Пока занавес поднимался и опускался, молодые люди продолжали оставаться в том же положении. Глаза Йёсты приковывали к себе Марианну, они умоляли и требовали.
Наконец смолкли аплодисменты, занавес замер, и никто не смотрел на них.
Тогда прекрасная Марианна нагнулась и поцеловала Йёсту Берлинга. Она сама не понимала, как это случилось, но она не могла не поцеловать. Он крепко обхватил ее голову и не отпускал, а она целовала еще и еще.
Всему виною были балкон, лунный свет, кружевная мантилья, богатые костюмы, пение и аплодисменты, — сами же бедные молодые люди были тут ни при чем. Они не хотели этого. Не ради Йёсты Берлинга отвергала она графские короны, которые готовы были украсить ее голову, не ради него пренебрегала миллионами, которые слагали к ее ногам; и он не забыл еще Анну Шернхек. Они ни в чем не были виноваты, они не хотели этого.

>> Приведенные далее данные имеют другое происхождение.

(* In the transactional panorama model with the lenses and metrics described in the context, each $k$-relaxed variant has no greater staleness and no smaller invisibility than its corresponding base lens: $S(k\text{-GCNB})\le S(\mathrm{GCNB})$, $I(k\text{-GCNB})\ge I(\mathrm{GCNB})$, $S(k\text{-LCNB})\le S(\mathrm{LCNB})$, $I(k\text{-LCNB})\ge I(\mathrm{LCNB})$, $S(k\text{-LCMB})\le S(\mathrm{LCMB})$, and $I(k\text{-LCMB})\ge I(\mathrm{LCMB})$, for any $k\ge 0$.
   Context: A view graph is a DAG on a set $N$ of nodes (source data and views). Write transactions are processed one at a time; write transaction $w^{t_i}$ creates version $G^{t_i}$ with state set $V^{t_i}$ containing, for each node $n_k$, either its computed new result $v_k^{t_i}$, a placeholder $UC_k^{t_i}$ if $w^{t_i}$ updates $n_k$ but has not yet computed it, or its result from the previous version if $n_k$ is not updated. A version is committed once all its new results are computed; at any time there is the committed graph (most recently committed version, no UCs) and the latest graph (version of the most recent write transaction). Read transactions $r^{s_1},\dots,r^{s_m}$ each read the views in the current viewport and return immediately a set $H^{s_i}$ of states (results or UCs); $Time(r^{s_i})$ is its return time. A returned state's timestamp is that of its version. Lenses: GCNB returns the viewport states from the committed graph. LCNB returns them from the more recent of the committed and latest graphs that has zero UCs for the viewport. LCMB: if reading either the committed or the latest graph preserves monotonicity (no view gets a state with smaller timestamp than previously read), behave like LCNB; otherwise read the latest graph. $k$-GCNB reads the latest graph if it has at most $k$ UCs in total, otherwise the committed graph. $k$-LCNB reads the more recent of the committed and latest graphs having at most $k$ UCs for the viewport. $k$-LCMB: if reading either graph preserves monotonicity, behave like $k$-LCNB; otherwise read the latest graph. Metrics for $R=\{r^{s_1},\dots,r^{s_m}\}$: invisibility $I(R)=\sum_{i=1}^{m-1}|H^{s_i}_{UC}|\,(Time(r^{s_{i+1}})-Time(r^{s_i}))$ where $H^{s_i}_{UC}$ is the set of UCs in $H^{s_i}$; staleness $S(R)=\sum_{i=1}^{m-1}\sum_{v_k^{t_j}\in H^{s_i}_{qr}}\mathbf{1}[v_k^{t_j}\notin V^{t_i}]\,(Time(r^{s_{i+1}})-Time(r^{s_i}))$ where $H^{s_i}_{qr}$ is the set of view results in $H^{s_i}$ and $G^{t_i}$ is the latest version before $r^{s_i}$ starts. $S(A)$, $I(A)$ denote these metrics under lens $A$; lenses are compared on the same write transactions, the same order of computing new view results, and the same sequence of read transactions. *)

theory Defs
  imports Complex_Main
begin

В тот вечер управлять занавесом поручили кроткому Лёвенборгу, у которого слезы постоянно навертывались на глаза, а на губах появлялась грустная улыбка. Вечно погруженный в горестные воспоминания, он мало обращал внимания на то, что делается вокруг него, и не умел трезво судить о жизни. Увидя, что Йёста и Марианна приняли новое положение, он решил, что это относится к живой картине, и вновь поднял занавес.
Молодые люди на балконе заметили это только тогда, когда до них вновь донесся гром аплодисментов.
Марианна вздрогнула и хотела убежать, но Йёста удержал ее, прошептав:
— Не двигайся, они думают, что это продолжение.
Он почувствовал, как она вся дрожит и как жар поцелуев угасает на ее устах.
— Не бойся! — прошептал он. — Прекрасные губы имеют право на поцелуи.
Им пришлось оставаться в том же положении, пока занавес поднимался и опускался, и каждый раз сотня пар глаз смотрела на них и столько же пар рук неистово аплодировали им. Ибо зрелище юной, красивой пары, олицетворяющей счастье взаимной любви, радует глаз.
Никто и не подозревал, что поцелуи эти не были предусмотрены в постановке, никто и не предполагал, что сеньора дрожит от смущения, а испанец от беспокойства. Никто не думал, что все это не относится к постановке живой картины.
Наконец Марианна и Йёста ушли за кулисы.
Она схватилась за голову.
— Я сама себя не понимаю,— сказала она.
— И не стыдно вам, фрёкен Марианна, целовать Йёсту Берлинга, — шутил он, гримасничая и разводя руками. — Боже, какой позор!
Марианна не смогла удержаться от смеха.
— Всякий знает, что против Йёсты Берлинга не устоять. Я грешна не больше, чем остальные.
Они договорились ничем не выдавать себя и делать вид, будто ничего не произошло.
— Могу я быть уверенной, господин Йёста, что никто никогда не узнает об этом? — спросила она, прежде чем выйти в зал к гостям.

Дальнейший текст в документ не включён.